Où alors servir des idéologies politiques auxquelles le militaire n'adhère pas.
On peut songer aux plus de 3000 soldats américains qui ont laissé leur vie en
Irak. Il n'est pas sûr que ceux-ci cautionnaient véritablement l'intervention
américaine dans ce pays. Mais le sacrifice peut tout aussi bien se traduire par
une blessure ou un handicap qui aura pour conséquence de bouleverser la vie
d'un militaire. Mais en dehors du sacrifice physique, il y a le sacrifice moral. En
effet, s'engager dans l'Armée s'est mettre entre parenthèses sa vie personnelle
et familiale, avec de longues absences pour des missions opérationnelles,
parfois répétitives qui peuvent avoir raison d'un couple ou d'une famille. La vie
de nomade que connaît le militaire ainsi que sa famille, par des affectations
multiples qui amènent constamment ceux-ci à bouger, ne prête pas à la
sédentarisation et au confort. D'autant que dans notre société où l'immédiateté
prime sur la patience et le bien-être sur le renoncement, il est de plus en plus
difficile de supporter ce type de situation. Aussi, depuis la professionnalisation
des armées et la suspension du service militaire, le lien Armée-nation qui
pouvait exister est rompu. Déjà l'impopularité des différentes guerres de
décolonisations, Indochine et Algérie, avait déjà commencé à l'entamer. Le
militaire peut donc se trouver isolé face à des valeurs qu'il souhaite défendre
ou du moins auxquelles il adhère. Enfin, l'Armée est constituée d'une
population d'hommes et de femmes d'une moyenne d'âge de vingt-six ans,
donc jeune, pouvant adopter des conduites à risque. On pense notamment à
l'alcoolémie grandissante chez les jeunes que l'actualité nous révèle et qui
peut-être le signe d'un abandon de certaines institutions telles que la famille,
l'école ou l'état, mais qui assurément est le signe d'un malaise. Après cette
liste d'idées non exhaustive l'on s'aperçoit qu'il incombe à l'officier une
dimension supplémentaire à son métier que celui du seul cadre. Mais quel est-il
réellement ?
« Il faut tout leur donner pour pouvoir tout leur demander ». Voilà la
définition que se faisait le général Rollet, officier de la Légion étrangère
surnommé « Père Légion », contemporain du maréchal Lyautey, sur ce que
devait être l'attitude que l'officier devait tenir face à ses hommes. Il est juste
de penser qu'un investissement sans bornes de l'officier pour ses subordonnés
entraînera une adhésion totale de ceux-ci dans les différentes tâches qu'ils
auront à accomplir. Et cette idée est toujours d'actualité. Il n'est pas exagéré
de dire que cette relation peut se traduire par l'amour du chef pour son soldat.
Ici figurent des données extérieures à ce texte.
(* Let $A$ be a central simple algebra of degree $n$ over a field $k$, let $r>1$ and $1\leqslant i_1<\cdots<i_r\leqslant n$ be integers, and let $I_r\subset A$ be a left ideal of $k$-dimension $ni_r$. Let $B=I_r/I_r^\circ I_r$. For a left ideal $I_j\subset I_r$, the kernel of $I_j\to I_r/I_r^\circ I_r$ is $I_r^\circ I_j$, so $I_j/I_r^\circ I_j$ is identified with its image in $B$. Then the map $$(I_1,\ldots,I_{r-1})\mapsto(I_j/I_r^\circ I_j)_{j=1,\ldots,r-1}$$ is a canonical bijection from the set of tuples of left ideals $I_1\subset\cdots\subset I_{r-1}\subset I_r$ of $A$ with $\dim_k I_j=ni_j$ onto the set of tuples $J_1\subset\cdots\subset J_{r-1}$ of left ideals of $B$ with $\dim_k J_j=i_ji_r$.
   Context: $I^\circ=\{a\in A: Ia=0\}$ is the right annihilator; $UW$ denotes the $k$-span of products $uw$. $I_r^\circ I_r$ is a two-sided ideal of the ring $I_r$ (since $I_rI_r^\circ=0$), so $I_r/I_r^\circ I_r$ is a ring; it is a central simple $k$-algebra of degree $i_r$, isomorphic to $\mathrm{End}_A(I_r)$. *)

theory Defs
  imports Main "HOL.Vector_Spaces" "HOL-Library.FuncSet"
begin

definition k_algebra :: "('k::field \<Rightarrow> 'a::ring_1 \<Rightarrow> 'a) \<Rightarrow> bool" where
  "k_algebra scale \<longleftrightarrow> vector_space scale \<and>
     (\<forall>c x y. scale c (x * y) = scale c x * y \<and> scale c (x * y) = x * scale c y)"

definition left_ideal :: "('k::field \<Rightarrow> 'a::ring_1 \<Rightarrow> 'a) \<Rightarrow> 'a set \<Rightarrow> bool" where
  "left_ideal scale I \<longleftrightarrow> module.subspace scale I \<and> (\<forall>a. \<forall>x\<in>I. a * x \<in> I)"

definition two_sided_ideal :: "('k::field \<Rightarrow> 'a::ring_1 \<Rightarrow> 'a) \<Rightarrow> 'a set \<Rightarrow> bool" where
  "two_sided_ideal scale I \<longleftrightarrow> module.subspace scale I \<and>
     (\<forall>a. \<forall>x\<in>I. a * x \<in> I \<and> x * a \<in> I)"

definition central_simple_algebra :: "('k::field \<Rightarrow> 'a::ring_1 \<Rightarrow> 'a) \<Rightarrow> nat \<Rightarrow> bool" where
  "central_simple_algebra scale n \<longleftrightarrow> k_algebra scale \<and>
     (\<exists>Bs. finite_dimensional_vector_space scale Bs) \<and>
     (0::'a) \<noteq> 1 \<and>
     {z. \<forall>x. z * x = x * z} = {scale c 1 | c. True} \<and>
     (\<forall>I. two_sided_ideal scale I \<longrightarrow> I = {0} \<or> I = UNIV) \<and>
     vector_space.dim scale (UNIV :: 'a set) = n ^ 2"

definition right_annihilator :: "'a::ring_1 set \<Rightarrow> 'a set" where
  "right_annihilator I = {a. \<forall>x\<in>I. x * a = 0}"

definition prod_span :: "('k::field \<Rightarrow> 'a::ring_1 \<Rightarrow> 'a) \<Rightarrow> 'a set \<Rightarrow> 'a set \<Rightarrow> 'a set" where
  "prod_span scale U W = module.span scale {u * w | u w. u \<in> U \<and> w \<in> W}"

text \<open>\<pi> : Ir \<rightarrow> B presents B as the k-algebra quotient Ir / N:
a surjective k-linear multiplicative map on Ir with kernel exactly N.\<close>
definition is_quotient_map ::
  "('k::field \<Rightarrow> 'a::ring_1 \<Rightarrow> 'a) \<Rightarrow> ('k \<Rightarrow> 'b::ring_1 \<Rightarrow> 'b) \<Rightarrow> 'a set \<Rightarrow> 'a set \<Rightarrow> ('a \<Rightarrow> 'b) \<Rightarrow> bool" where
  "is_quotient_map sA sB Ir N \<pi> \<longleftrightarrow>
     (\<forall>x\<in>Ir. \<forall>y\<in>Ir. \<pi> (x + y) = \<pi> x + \<pi> y \<and> \<pi> (x * y) = \<pi> x * \<pi> y) \<and>
     (\<forall>c. \<forall>x\<in>Ir. \<pi> (sA c x) = sB c (\<pi> x)) \<and>
     \<pi> ` Ir = UNIV \<and>
     {x\<in>Ir. \<pi> x = 0} = N"

end

theory Submission
  imports Defs
begin

text \<open>Every left ideal of a finite-dimensional simple algebra \<open>A\<close> has the form \<open>Af\<close> with
  \<open>f\<close> idempotent; write \<open>I\<^sub>r = Ae\<^sub>r\<close>. For \<open>x, y \<in> I\<^sub>r\<close> one has \<open>\<pi>(x) = \<pi>(y)\<close> iff
  \<open>e\<^sub>rx = e\<^sub>ry\<close>, because \<open>1 - e\<^sub>r\<close> lies in \<open>I\<^sub>r\<^sup>\<circ>\<close> while \<open>e\<^sub>r\<close> kills \<open>I\<^sub>r\<^sup>\<circ>\<close> from the left.
  Using simplicity, a left ideal \<open>L \<subseteq> I\<^sub>r\<close> is therefore recovered from its image as
  \<open>{y \<in> I\<^sub>r. \<forall>a. \<pi>(ay) \<in> \<pi>(L)}\<close>, and this pullback construction inverts \<open>L \<mapsto> \<pi>(L)\<close>: the
  left ideals of \<open>A\<close> inside \<open>I\<^sub>r\<close> correspond, preserving inclusion, to the left ideals of \<open>B\<close>.

  For dimensions, \<open>\<pi>(Af) \<cong> e\<^sub>rAf\<close>, and \<open>dim (eAf) \<cdot> dim A = dim (Ae) \<cdot> dim (Af)\<close> for idempotents
  \<open>e, f\<close>: decompose \<open>e\<close> and \<open>f\<close> into orthogonal primitive idempotents and use that any two
  primitive idempotents \<open>p, q\<close> are equivalent, so that all \<open>pAq\<close> have the same dimension. Hence
  \<open>dim \<pi>(L) \<cdot> n\<^sup>2 = n i\<^sub>r \<cdot> dim L\<close>, which turns \<open>dim L = n i\<^sub>j\<close> into \<open>dim \<pi>(L) = i\<^sub>j i\<^sub>r\<close>,
  and the bijection on chains is the pointwise one.\<close>

section \<open>Peirce spaces in a finite-dimensional simple algebra\<close>

definition peirce :: "'a::ring_1 \<Rightarrow> 'a \<Rightarrow> 'a set" where
  "peirce e f = range (\<lambda>a. e * a * f)"

lemma mem_peirce_iff:
  assumes "e * e = e" "f * f = f"
  shows "x \<in> peirce e f \<longleftrightarrow> e * x = x \<and> x * f = x"
  unfolding peirce_def using assms
  by (auto simp: mult.assoc[symmetric] intro!: image_eqI[of _ _ x]) (metis mult.assoc)+

lemma mem_peirce_one_iff: "f * f = f \<Longrightarrow> x \<in> peirce 1 f \<longleftrightarrow> x * f = x"
  using mem_peirce_iff[of 1 f x] by simp

lemma self_mem_peirce_one: "f \<in> peirce 1 f"
  unfolding peirce_def by (auto intro: image_eqI[of _ _ 1])

lemma peirce_zero_right [simp]: "peirce e 0 = {0}"
  and peirce_zero_left [simp]: "peirce 0 f = {0}"
  and peirce_one_one: "peirce 1 1 = UNIV"
  by (auto simp: peirce_def intro!: image_eqI)

locale fd_simple_algebra = finite_dimensional_vector_space scale Bs
  for scale :: "'k::field \<Rightarrow> 'a::ring_1 \<Rightarrow> 'a" and Bs :: "'a set" +
  assumes scale_mult_left: "\<And>c x y. scale c (x * y) = scale c x * y"
    and scale_mult_right: "\<And>c x y. scale c (x * y) = x * scale c y"
    and simple: "\<And>I. two_sided_ideal scale I \<Longrightarrow> I = {0} \<or> I = UNIV"
begin

definition minimal_left_ideal :: "'a set \<Rightarrow> bool" where
  "minimal_left_ideal M \<longleftrightarrow> left_ideal scale M \<and> M \<noteq> {0} \<and>
     (\<forall>L. left_ideal scale L \<and> L \<subseteq> M \<longrightarrow> L = {0} \<or> L = M)"

definition primitive_idempotent :: "'a \<Rightarrow> bool" where
  "primitive_idempotent q \<longleftrightarrow> q * q = q \<and> minimal_left_ideal (peirce 1 q)"

lemma left_ideal_subspace: "left_ideal scale L \<Longrightarrow> subspace L"
  and left_ideal_mult: "left_ideal scale L \<Longrightarrow> x \<in> L \<Longrightarrow> a * x \<in> L"
  and left_ideal_0: "left_ideal scale L \<Longrightarrow> 0 \<in> L"
  and left_ideal_add: "left_ideal scale L \<Longrightarrow> x \<in> L \<Longrightarrow> y \<in> L \<Longrightarrow> x + y \<in> L"
  and left_ideal_diff: "left_ideal scale L \<Longrightarrow> x \<in> L \<Longrightarrow> y \<in> L \<Longrightarrow> x - y \<in> L"
  and left_ideal_scale: "left_ideal scale L \<Longrightarrow> x \<in> L \<Longrightarrow> scale c x \<in> L"
  by (simp_all add: left_ideal_def subspace_0 subspace_add subspace_diff subspace_scale)

lemma left_idealI:
  assumes "0 \<in> L" "\<And>x y. x \<in> L \<Longrightarrow> y \<in> L \<Longrightarrow> x + y \<in> L"
    "\<And>c x. x \<in> L \<Longrightarrow> scale c x \<in> L" "\<And>a x. x \<in> L \<Longrightarrow> a * x \<in> L"
  shows "left_ideal scale L"
  using assms by (auto simp: left_ideal_def subspace_def)

lemma subspace_peirce: "subspace (peirce e f)"
proof (rule subspaceI)
  show "0 \<in> peirce e f" unfolding peirce_def by (auto intro!: image_eqI[of _ _ 0])
  fix x y assume "x \<in> peirce e f" "y \<in> peirce e f"
  then obtain a b where "x = e * a * f" "y = e * b * f" by (auto simp: peirce_def)
  then show "x + y \<in> peirce e f" unfolding peirce_def
    by (auto intro!: image_eqI[of _ _ "a + b"] simp: algebra_simps)
next
  fix c x assume "x \<in> peirce e f"
  then obtain a where "x = e * a * f" by (auto simp: peirce_def)
  then have "scale c x = e * scale c a * f" by (metis scale_mult_left scale_mult_right mult.assoc)
  then show "scale c x \<in> peirce e f" by (auto simp: peirce_def)
qed

lemma left_ideal_peirce: "left_ideal scale (peirce 1 f)"
proof -
  have "b * x \<in> peirce 1 f" if "x \<in> peirce 1 f" for b x
    using that by (auto simp: peirce_def mult.assoc[symmetric])
  with subspace_peirce show ?thesis by (auto simp: left_ideal_def)
qed

lemma dim_pos_if_nonzero_mem: "x \<in> S \<Longrightarrow> x \<noteq> 0 \<Longrightarrow> 0 < dim S"
  by (metis dim_eq_0 neq0_conv singletonD subsetD)

lemma dim_UNIV_pos: "0 < dim (UNIV :: 'a set)"
  using dim_pos_if_nonzero_mem[of 1 UNIV] by simp

lemma dim_less_if_psubset:
  assumes "subspace S" "subspace T" "S \<subset> T"
  shows "dim S < dim T"
  using assms dim_psubset span_eq_iff by metis

lemma exists_minimal_left_ideal:
  assumes "left_ideal scale L" "L \<noteq> {0}"
  shows "\<exists>M. minimal_left_ideal M \<and> M \<subseteq> L"
  using assms
proof (induction "dim L" arbitrary: L rule: less_induct)
  case less
  show ?case
  proof (cases "minimal_left_ideal L")
    case False
    then obtain L' where L': "left_ideal scale L'" "L' \<subset> L" "L' \<noteq> {0}"
      using less.prems by (auto simp: minimal_left_ideal_def)
    have "dim L' < dim L"
      using L' less.prems by (intro dim_less_if_psubset) (auto simp: left_ideal_subspace)
    with less.hyps[OF this L'(1,3)] L'(2) show ?thesis by blast
  qed auto
qed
Il est à noter, si l'on se rapporte à la tradition de la légion étrangère, que
l'officier passera la fête de Noël avec ses hommes plutôt qu'en compagnie de
sa famille. Aussi, le geste du lieutenant-colonel de Gaulle arborant un brassard
noir pour marquer le deuil d'un de ses hommes orphelin fait partie des gestes
forts qu'un officier peut pratiquer et qui sont le reflet de la relation vraiment
particulière qu'entretient l'officier avec son subordonné. Et celui-ci n'hésitera
pas à sacrifier sa vie pour son chef. Mais en dehors de tout champ de bataille,
l'officier a différents moyens de montrer de l'égard, de la considération pour
ceux qu'il commande, de se donner pour reprendre le terme du général Rollet.
Il peut par exemple accompagner un militaire dans son développement et son
accomplissement l'aidant à s'élever sur le plan professionnel. Sur le plan social,
entretenir un esprit de cohésion au sein d'une unité aura pour conséquence
d'améliorer les rapports humains et donc la qualité des services rendus. Le rôle
social de l'officier qui fait toute la spécificité du métier de militaire donne un
peu plus de noblesse à la mission du cadre dans les armées.